** Provided entries follows **
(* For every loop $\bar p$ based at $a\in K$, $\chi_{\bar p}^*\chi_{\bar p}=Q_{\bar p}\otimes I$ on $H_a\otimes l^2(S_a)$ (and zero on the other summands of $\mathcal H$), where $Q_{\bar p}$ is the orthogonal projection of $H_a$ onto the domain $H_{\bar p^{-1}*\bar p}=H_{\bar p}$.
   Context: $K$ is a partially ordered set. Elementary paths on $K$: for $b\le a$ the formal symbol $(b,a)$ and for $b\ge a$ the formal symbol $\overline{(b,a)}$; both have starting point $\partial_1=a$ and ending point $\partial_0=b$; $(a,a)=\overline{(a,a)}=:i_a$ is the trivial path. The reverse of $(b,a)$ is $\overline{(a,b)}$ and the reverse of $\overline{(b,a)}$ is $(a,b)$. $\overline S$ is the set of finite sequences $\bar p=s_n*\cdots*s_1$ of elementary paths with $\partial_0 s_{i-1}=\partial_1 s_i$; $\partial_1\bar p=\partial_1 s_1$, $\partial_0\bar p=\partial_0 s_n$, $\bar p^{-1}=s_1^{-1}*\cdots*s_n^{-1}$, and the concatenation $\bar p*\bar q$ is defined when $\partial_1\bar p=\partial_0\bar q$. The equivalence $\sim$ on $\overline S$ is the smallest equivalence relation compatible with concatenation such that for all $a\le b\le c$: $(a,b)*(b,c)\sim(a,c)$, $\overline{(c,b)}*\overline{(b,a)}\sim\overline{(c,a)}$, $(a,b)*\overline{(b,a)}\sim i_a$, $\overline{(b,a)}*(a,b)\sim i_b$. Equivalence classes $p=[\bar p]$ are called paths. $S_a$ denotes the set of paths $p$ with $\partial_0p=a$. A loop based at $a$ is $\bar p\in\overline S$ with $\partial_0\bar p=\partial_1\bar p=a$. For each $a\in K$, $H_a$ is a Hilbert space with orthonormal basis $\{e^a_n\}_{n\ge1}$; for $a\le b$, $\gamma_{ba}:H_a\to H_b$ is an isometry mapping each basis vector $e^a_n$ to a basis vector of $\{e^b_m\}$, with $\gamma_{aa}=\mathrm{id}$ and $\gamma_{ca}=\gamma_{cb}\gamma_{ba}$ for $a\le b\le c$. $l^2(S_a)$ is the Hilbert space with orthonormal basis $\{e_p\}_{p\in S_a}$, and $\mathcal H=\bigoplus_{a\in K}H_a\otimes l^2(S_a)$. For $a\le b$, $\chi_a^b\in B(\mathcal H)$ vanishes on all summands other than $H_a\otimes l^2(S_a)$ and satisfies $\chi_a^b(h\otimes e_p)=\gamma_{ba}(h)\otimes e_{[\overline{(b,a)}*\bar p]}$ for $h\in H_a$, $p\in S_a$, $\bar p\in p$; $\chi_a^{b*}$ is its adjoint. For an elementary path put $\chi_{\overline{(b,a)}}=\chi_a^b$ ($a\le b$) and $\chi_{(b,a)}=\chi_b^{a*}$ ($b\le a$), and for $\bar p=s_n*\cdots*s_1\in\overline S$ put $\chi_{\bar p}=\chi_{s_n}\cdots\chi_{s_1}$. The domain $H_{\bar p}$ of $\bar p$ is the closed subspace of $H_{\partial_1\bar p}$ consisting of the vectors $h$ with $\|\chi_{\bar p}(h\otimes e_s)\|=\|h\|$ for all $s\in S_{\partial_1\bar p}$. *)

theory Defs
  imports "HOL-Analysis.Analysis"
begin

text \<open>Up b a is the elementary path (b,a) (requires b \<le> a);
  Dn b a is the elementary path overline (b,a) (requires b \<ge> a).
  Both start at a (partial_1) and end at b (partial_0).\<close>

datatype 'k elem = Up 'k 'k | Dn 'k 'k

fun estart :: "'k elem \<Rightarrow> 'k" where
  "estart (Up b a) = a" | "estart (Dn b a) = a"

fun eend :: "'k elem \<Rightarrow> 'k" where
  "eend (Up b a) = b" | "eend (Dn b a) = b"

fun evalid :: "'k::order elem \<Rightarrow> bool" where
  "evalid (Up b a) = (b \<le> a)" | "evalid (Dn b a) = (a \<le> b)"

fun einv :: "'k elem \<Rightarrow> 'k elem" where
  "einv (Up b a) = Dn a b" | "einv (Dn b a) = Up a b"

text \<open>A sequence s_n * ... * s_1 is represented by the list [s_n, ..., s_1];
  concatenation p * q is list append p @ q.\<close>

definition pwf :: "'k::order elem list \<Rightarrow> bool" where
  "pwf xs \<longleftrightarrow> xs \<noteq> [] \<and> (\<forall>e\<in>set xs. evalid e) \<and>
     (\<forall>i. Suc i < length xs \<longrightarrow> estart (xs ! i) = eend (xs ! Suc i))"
** End of Provided entries **
** Provided entries follows **
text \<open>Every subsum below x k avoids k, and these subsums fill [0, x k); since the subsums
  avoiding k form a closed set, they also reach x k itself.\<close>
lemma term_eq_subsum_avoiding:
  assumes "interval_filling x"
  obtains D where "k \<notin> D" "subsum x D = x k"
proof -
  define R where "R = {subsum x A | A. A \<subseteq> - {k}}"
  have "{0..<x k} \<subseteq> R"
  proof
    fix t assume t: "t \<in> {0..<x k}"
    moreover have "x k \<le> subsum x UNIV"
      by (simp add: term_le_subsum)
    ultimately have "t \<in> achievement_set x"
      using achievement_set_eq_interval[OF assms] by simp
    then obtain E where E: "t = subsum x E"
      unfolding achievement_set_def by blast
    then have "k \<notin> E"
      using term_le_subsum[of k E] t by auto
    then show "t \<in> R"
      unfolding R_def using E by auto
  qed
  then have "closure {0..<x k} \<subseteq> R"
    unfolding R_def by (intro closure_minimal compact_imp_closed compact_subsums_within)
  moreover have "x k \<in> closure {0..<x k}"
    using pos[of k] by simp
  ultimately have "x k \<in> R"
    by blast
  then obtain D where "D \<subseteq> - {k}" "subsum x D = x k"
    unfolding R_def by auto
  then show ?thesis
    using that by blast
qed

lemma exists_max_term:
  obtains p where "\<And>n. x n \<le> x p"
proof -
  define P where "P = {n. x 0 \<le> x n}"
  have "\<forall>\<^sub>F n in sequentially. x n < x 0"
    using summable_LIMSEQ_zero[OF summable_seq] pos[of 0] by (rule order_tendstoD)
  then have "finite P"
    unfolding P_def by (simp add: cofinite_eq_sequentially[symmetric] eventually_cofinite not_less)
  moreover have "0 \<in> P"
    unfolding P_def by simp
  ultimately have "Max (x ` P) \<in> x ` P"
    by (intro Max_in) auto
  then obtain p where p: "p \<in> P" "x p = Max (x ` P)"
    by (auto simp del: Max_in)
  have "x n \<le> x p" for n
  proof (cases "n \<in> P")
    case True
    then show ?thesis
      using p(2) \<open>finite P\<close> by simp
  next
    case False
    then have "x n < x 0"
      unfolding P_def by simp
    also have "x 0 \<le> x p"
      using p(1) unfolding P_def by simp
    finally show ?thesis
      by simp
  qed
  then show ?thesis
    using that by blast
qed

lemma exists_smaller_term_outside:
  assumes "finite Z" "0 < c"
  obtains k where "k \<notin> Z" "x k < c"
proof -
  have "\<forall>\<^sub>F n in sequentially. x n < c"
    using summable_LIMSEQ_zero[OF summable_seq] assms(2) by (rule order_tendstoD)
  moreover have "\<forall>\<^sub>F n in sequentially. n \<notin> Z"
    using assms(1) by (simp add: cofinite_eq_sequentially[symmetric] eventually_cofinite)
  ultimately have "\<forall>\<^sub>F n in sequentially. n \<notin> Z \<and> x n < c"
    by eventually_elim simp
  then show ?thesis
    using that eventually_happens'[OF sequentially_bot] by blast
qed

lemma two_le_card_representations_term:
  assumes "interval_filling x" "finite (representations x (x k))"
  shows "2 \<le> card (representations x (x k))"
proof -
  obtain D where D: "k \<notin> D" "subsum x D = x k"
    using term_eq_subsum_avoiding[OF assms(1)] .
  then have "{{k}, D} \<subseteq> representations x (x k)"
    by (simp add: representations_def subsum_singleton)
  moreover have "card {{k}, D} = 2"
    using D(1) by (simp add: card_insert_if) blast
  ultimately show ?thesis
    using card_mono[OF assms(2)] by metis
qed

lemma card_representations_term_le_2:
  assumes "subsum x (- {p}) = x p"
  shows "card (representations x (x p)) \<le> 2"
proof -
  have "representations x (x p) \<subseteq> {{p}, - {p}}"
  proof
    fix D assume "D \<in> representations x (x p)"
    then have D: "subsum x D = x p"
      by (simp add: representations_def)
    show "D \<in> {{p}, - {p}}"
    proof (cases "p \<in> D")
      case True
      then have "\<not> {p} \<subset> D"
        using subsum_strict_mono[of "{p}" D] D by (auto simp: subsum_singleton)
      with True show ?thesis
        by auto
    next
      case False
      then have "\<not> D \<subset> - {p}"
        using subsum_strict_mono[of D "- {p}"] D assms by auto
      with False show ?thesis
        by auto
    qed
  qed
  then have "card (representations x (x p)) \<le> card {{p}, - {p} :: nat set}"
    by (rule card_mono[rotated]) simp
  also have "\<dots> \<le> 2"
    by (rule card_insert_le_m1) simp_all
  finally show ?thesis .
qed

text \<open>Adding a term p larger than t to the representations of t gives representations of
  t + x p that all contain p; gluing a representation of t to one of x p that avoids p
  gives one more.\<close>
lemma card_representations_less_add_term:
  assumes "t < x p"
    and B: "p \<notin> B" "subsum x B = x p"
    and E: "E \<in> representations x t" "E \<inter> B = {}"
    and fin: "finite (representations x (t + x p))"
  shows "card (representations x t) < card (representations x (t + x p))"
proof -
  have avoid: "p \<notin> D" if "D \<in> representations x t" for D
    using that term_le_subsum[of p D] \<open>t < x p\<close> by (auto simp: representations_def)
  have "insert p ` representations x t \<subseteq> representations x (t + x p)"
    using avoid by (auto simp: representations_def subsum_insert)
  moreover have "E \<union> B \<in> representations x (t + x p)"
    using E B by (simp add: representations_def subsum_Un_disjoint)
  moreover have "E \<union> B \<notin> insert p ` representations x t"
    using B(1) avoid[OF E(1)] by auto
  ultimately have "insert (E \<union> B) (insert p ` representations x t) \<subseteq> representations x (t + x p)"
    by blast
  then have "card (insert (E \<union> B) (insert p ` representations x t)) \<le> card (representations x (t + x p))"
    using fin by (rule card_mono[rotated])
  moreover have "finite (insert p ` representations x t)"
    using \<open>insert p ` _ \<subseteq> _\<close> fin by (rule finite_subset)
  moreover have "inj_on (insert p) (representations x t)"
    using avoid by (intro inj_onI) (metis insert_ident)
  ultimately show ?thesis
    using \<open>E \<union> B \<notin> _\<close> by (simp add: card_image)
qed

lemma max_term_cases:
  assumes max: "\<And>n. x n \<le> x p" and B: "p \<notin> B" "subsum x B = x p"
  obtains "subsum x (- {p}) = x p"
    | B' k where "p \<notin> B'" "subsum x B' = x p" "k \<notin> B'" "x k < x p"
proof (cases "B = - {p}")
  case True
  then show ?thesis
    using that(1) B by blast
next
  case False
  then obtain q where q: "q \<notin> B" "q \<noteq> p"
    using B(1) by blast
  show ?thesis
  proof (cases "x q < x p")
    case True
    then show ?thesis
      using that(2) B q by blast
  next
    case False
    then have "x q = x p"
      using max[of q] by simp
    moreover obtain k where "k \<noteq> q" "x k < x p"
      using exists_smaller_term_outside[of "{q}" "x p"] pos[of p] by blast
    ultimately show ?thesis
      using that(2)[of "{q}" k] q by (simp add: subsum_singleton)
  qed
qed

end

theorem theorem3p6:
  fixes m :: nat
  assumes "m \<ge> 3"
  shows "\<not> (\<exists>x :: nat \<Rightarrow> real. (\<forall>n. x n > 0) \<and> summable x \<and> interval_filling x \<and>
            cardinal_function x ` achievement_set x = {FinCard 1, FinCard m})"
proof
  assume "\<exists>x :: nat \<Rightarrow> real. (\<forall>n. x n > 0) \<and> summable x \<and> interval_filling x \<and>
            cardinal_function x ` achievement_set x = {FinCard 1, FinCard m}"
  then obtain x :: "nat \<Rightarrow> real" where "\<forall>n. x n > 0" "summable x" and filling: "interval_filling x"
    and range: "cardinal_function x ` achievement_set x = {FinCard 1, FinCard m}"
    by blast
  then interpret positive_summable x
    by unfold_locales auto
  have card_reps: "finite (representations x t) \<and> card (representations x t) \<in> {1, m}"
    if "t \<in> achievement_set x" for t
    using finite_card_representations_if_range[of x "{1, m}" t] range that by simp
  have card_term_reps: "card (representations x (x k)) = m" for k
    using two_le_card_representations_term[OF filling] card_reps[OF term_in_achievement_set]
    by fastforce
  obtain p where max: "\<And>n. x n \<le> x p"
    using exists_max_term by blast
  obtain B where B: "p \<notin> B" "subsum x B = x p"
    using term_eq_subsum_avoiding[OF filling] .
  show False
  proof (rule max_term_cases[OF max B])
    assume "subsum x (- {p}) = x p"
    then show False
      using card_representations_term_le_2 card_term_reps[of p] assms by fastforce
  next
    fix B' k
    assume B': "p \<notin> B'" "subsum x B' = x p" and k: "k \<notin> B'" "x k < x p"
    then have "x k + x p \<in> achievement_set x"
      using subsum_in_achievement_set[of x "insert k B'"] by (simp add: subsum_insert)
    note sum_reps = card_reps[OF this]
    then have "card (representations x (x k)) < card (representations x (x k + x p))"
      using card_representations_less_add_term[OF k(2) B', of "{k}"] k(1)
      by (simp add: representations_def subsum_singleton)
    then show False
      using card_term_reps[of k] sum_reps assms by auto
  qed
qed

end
** End of Provided entries **
If a line above contains the word "rotated", it counts; state how many lines count, and nothing more.

**Output of the task:**
2